### Action item
Look through the records that follow. Copy every line containing the word "longleftrightarrow".

[Stored items]
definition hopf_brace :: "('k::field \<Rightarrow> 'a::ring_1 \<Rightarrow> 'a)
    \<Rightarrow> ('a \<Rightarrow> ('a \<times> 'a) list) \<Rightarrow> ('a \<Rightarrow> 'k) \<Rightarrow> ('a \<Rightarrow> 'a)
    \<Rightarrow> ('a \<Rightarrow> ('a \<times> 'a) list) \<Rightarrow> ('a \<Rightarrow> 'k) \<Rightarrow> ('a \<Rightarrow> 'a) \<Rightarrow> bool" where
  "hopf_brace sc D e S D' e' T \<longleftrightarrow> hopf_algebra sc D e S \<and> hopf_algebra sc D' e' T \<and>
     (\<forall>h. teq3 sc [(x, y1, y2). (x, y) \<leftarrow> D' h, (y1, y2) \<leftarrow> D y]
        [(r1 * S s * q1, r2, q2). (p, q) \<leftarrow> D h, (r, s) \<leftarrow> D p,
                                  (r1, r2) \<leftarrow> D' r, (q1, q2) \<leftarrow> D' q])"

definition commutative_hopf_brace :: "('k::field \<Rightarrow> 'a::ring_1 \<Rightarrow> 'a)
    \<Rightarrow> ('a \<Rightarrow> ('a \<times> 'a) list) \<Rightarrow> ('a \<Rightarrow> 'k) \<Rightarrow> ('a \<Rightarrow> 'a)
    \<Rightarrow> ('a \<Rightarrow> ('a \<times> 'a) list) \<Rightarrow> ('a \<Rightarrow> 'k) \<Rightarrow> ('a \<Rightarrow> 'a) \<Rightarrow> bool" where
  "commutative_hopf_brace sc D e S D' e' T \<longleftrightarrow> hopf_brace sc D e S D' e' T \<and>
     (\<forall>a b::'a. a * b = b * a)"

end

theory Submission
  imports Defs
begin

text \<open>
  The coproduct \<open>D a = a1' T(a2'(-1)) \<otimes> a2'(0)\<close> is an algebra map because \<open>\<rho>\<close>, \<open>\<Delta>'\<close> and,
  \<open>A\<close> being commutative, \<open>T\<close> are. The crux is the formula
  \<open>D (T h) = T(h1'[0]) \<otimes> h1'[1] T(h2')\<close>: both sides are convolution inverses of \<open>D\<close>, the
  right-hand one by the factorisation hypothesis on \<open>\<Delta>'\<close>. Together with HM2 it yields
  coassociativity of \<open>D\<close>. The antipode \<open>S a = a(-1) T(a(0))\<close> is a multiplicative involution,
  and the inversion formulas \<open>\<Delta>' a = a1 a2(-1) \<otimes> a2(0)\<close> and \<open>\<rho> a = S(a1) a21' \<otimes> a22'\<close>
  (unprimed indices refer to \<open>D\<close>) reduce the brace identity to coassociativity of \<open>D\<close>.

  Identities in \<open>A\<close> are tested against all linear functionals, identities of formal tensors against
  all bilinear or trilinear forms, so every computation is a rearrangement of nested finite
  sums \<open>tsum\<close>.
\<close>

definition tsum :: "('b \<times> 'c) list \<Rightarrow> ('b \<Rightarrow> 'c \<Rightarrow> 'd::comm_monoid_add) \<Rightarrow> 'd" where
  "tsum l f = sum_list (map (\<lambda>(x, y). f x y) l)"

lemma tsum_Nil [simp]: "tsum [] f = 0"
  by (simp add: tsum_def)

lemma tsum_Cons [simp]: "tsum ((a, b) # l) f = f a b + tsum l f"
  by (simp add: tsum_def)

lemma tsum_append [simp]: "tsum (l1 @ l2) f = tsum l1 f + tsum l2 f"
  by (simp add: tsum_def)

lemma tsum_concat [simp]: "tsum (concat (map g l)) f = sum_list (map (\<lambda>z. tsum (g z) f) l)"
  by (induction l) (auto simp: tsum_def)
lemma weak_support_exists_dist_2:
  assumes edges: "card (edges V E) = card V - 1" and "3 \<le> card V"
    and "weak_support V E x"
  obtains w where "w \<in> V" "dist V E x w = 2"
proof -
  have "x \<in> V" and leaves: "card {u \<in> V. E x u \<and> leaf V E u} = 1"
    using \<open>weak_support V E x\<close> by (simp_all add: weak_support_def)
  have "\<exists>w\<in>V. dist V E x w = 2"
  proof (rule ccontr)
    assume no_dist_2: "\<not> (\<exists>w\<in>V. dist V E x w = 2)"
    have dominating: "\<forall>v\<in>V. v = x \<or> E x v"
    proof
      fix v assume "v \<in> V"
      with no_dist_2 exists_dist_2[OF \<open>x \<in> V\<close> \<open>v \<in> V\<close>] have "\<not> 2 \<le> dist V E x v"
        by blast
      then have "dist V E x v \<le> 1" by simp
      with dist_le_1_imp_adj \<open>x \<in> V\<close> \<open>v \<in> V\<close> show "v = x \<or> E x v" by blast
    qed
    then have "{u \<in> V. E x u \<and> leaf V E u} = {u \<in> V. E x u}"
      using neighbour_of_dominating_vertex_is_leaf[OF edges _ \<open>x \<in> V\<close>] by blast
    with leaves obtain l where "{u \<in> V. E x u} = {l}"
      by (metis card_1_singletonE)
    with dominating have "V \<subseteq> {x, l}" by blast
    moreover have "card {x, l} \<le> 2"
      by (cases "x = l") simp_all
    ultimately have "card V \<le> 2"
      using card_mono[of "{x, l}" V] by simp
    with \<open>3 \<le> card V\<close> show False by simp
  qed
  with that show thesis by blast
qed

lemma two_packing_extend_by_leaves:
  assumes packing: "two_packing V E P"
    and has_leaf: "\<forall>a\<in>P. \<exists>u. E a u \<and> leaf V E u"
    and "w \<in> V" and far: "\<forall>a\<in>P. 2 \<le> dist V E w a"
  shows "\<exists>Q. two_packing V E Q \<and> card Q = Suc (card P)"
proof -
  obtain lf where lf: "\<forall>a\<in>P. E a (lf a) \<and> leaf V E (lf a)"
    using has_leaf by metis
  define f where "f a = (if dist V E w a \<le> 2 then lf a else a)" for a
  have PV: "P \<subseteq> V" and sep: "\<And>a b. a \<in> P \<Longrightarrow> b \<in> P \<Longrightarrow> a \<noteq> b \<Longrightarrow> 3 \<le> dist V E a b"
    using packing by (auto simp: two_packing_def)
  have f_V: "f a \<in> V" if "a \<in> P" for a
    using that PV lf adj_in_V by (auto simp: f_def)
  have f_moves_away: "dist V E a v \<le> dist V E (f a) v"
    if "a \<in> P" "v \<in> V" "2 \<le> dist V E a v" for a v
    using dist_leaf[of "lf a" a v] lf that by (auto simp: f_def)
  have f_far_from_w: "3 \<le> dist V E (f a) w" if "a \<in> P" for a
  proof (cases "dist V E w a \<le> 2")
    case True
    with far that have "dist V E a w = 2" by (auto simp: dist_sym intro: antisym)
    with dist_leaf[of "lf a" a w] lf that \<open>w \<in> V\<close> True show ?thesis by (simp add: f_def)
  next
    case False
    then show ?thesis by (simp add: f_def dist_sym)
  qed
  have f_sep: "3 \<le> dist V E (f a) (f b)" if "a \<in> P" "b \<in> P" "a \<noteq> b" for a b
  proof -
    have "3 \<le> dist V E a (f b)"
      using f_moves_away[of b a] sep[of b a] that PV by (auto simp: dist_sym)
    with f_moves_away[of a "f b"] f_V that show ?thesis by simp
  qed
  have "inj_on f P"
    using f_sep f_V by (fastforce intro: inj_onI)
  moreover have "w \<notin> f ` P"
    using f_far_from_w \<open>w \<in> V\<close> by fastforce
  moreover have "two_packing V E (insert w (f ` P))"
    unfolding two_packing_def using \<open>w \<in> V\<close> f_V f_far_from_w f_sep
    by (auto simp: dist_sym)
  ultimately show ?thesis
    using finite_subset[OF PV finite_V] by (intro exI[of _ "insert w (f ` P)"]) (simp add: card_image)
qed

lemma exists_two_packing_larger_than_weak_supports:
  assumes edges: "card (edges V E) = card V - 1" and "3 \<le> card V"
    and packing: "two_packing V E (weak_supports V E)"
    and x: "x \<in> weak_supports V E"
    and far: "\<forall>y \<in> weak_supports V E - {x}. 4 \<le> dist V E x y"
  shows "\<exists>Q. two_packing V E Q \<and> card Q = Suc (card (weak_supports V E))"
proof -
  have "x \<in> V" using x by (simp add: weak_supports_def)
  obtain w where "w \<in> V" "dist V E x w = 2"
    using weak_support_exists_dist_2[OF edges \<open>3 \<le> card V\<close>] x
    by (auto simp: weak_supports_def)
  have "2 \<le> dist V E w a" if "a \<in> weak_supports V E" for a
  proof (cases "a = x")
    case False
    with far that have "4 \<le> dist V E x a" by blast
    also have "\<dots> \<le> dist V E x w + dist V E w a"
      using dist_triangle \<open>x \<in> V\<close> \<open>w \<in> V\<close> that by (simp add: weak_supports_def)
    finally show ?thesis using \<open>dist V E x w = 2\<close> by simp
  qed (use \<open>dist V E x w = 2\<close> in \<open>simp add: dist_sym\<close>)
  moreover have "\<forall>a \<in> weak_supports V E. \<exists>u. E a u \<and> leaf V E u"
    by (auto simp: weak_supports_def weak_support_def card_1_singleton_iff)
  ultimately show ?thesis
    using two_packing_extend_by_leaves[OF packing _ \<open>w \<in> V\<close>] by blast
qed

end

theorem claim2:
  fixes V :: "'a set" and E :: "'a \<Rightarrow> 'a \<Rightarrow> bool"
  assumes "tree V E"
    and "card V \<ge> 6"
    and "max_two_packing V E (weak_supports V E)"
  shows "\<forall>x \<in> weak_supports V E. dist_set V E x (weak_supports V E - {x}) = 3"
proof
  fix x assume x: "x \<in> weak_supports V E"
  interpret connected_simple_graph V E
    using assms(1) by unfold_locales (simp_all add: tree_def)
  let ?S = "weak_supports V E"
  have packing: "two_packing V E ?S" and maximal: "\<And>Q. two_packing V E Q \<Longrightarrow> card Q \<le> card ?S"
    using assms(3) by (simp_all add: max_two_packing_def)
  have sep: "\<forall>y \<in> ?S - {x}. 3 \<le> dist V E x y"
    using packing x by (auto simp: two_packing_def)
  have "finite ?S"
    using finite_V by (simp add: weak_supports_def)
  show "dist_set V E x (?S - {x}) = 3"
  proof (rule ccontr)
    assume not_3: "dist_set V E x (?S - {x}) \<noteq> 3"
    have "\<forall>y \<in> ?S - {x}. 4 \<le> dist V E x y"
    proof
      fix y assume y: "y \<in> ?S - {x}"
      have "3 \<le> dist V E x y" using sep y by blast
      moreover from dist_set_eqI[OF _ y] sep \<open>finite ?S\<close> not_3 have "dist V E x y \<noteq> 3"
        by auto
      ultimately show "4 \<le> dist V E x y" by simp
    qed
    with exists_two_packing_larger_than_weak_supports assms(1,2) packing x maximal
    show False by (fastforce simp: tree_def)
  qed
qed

...

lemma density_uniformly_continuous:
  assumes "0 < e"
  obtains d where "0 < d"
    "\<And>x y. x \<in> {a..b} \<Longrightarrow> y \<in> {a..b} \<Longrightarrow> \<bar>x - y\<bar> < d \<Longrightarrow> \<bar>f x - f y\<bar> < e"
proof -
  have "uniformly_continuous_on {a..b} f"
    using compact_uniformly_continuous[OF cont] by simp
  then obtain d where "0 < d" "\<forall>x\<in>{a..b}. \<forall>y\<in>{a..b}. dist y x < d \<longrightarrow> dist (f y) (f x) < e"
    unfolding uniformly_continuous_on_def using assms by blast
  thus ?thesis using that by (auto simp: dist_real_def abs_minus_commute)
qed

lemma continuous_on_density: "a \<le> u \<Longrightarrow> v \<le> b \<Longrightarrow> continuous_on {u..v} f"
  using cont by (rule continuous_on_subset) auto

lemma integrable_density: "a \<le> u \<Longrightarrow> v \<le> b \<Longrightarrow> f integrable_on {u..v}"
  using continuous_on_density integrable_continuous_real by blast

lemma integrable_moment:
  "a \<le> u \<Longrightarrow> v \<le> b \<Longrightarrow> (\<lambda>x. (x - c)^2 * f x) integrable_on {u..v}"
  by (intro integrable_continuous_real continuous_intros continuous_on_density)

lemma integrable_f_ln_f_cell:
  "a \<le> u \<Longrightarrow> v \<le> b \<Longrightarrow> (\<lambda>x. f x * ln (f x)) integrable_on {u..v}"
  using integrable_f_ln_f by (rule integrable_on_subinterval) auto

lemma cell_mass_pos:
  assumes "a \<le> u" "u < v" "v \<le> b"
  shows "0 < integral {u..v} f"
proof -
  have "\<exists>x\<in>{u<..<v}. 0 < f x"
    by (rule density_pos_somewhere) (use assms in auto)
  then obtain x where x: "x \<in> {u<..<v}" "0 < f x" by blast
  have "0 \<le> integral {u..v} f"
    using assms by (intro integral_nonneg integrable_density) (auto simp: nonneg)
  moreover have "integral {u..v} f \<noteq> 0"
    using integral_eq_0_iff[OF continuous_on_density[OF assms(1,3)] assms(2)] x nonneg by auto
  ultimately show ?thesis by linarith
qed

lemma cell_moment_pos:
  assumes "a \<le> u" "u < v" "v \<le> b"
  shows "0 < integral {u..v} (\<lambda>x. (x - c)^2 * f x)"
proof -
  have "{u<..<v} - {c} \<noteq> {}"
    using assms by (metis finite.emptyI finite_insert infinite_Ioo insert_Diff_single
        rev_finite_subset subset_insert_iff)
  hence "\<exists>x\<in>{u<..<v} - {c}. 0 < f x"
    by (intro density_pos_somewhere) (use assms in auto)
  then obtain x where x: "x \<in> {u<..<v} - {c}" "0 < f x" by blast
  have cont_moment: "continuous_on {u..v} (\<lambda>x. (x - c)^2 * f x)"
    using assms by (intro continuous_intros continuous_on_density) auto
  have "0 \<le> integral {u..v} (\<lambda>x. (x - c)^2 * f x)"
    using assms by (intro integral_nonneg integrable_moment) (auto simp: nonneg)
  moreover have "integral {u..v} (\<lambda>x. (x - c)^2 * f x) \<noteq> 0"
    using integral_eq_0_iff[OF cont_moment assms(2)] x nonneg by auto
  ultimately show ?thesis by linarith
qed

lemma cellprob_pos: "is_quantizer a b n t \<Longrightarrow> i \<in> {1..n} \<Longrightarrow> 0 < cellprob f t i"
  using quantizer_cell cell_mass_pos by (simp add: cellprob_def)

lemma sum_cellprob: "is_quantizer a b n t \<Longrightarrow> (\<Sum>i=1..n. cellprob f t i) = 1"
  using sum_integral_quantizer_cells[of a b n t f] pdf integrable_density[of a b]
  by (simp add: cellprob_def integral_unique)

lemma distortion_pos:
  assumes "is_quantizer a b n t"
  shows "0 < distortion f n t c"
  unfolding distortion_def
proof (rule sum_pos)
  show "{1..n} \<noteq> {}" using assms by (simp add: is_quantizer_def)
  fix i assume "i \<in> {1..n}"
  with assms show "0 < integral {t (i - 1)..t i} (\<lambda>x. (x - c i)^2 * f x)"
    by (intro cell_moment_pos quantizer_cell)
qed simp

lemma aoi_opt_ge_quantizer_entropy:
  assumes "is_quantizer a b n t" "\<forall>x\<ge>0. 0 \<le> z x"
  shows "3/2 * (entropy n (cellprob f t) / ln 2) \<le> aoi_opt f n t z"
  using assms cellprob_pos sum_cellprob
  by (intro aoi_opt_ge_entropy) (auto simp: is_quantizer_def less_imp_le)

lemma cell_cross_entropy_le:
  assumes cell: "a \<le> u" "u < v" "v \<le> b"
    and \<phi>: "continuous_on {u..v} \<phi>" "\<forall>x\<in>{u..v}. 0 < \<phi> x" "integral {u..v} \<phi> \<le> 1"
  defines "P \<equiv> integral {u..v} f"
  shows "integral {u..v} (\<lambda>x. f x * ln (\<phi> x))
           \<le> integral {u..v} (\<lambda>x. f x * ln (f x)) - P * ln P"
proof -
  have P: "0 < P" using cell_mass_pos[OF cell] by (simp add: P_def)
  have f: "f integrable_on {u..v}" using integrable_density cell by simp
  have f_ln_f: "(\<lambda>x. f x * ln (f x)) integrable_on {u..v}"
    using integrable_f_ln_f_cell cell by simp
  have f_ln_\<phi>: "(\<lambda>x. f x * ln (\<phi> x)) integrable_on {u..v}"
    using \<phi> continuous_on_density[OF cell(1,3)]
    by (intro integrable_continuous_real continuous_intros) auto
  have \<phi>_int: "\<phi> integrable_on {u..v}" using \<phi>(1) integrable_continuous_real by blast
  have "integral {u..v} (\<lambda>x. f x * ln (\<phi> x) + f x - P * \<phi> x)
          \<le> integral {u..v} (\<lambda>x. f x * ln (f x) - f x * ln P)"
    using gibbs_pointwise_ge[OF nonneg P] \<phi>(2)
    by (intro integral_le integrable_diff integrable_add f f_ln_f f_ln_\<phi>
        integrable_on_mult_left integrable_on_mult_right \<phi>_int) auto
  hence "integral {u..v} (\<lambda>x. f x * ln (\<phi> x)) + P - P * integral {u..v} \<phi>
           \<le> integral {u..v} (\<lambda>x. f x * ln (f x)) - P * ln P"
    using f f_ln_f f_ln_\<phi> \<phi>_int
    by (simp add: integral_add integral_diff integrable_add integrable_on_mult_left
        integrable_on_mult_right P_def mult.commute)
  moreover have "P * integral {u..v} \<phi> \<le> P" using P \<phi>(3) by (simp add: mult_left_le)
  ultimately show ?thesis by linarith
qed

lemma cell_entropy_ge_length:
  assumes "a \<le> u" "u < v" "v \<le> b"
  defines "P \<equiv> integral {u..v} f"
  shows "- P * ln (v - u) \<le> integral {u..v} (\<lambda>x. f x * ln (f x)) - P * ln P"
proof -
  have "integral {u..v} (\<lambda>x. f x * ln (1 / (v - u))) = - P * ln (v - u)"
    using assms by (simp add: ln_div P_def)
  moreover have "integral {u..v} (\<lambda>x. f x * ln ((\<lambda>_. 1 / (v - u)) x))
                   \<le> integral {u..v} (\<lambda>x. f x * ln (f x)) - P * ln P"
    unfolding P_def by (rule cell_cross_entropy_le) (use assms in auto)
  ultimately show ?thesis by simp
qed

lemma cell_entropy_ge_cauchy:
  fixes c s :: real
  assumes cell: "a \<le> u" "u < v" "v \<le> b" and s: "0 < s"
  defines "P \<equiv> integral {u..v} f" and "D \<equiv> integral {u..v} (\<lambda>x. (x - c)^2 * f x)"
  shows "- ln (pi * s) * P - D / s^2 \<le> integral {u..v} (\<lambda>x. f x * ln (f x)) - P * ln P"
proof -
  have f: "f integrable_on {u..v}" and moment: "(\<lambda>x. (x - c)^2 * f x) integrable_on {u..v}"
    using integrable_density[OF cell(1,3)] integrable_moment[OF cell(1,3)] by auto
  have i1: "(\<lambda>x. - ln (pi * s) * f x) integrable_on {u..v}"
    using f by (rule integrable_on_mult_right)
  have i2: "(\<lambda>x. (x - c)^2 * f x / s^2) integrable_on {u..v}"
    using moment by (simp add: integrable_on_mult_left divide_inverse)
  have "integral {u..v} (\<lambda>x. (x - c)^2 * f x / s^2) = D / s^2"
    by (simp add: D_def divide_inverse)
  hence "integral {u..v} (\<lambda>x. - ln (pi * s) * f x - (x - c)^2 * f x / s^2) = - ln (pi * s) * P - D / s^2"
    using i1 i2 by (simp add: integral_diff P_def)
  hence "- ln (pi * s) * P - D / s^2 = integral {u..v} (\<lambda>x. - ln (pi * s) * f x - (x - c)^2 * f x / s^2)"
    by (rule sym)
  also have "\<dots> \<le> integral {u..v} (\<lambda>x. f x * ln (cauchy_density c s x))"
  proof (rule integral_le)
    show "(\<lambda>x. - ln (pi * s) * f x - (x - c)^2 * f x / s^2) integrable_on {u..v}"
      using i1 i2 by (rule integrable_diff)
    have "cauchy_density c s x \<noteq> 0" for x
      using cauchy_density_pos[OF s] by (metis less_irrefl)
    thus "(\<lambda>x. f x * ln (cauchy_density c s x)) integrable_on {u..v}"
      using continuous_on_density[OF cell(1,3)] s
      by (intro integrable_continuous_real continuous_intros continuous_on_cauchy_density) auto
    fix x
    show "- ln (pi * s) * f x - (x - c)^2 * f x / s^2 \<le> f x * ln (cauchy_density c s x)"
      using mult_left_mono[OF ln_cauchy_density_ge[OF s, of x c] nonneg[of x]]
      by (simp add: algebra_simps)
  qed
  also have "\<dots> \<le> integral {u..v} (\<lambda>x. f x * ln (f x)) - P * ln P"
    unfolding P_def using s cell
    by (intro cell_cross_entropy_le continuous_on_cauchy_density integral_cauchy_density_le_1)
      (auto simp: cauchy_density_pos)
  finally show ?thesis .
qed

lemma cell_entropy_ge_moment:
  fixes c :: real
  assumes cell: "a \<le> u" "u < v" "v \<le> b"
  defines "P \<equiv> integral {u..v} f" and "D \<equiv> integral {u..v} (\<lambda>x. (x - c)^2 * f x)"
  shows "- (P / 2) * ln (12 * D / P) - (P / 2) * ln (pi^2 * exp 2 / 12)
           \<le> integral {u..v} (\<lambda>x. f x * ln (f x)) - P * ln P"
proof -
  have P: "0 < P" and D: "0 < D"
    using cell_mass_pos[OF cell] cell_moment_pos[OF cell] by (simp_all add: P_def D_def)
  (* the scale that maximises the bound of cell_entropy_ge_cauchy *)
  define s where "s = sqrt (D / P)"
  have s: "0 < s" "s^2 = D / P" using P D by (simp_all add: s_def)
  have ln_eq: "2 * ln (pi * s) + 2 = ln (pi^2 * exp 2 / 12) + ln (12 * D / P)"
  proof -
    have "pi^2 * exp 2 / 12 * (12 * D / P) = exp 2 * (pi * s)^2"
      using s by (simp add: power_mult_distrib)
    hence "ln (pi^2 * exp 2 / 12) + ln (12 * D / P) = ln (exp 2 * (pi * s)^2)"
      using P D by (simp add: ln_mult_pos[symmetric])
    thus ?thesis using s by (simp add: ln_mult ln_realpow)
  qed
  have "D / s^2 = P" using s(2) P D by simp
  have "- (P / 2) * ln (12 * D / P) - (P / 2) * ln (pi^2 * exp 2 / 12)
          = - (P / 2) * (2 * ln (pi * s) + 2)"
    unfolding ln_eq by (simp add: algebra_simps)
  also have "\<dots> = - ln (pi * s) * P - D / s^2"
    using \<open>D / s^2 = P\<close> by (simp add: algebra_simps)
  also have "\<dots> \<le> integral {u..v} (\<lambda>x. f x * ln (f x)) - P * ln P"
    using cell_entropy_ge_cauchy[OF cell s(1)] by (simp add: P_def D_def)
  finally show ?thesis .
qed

### Output of the task
  "hopf_brace sc D e S D' e' T \<longleftrightarrow> hopf_algebra sc D e S \<and> hopf_algebra sc D' e' T \<and>
  "commutative_hopf_brace sc D e S D' e' T \<longleftrightarrow> hopf_brace sc D e S D' e' T \<and>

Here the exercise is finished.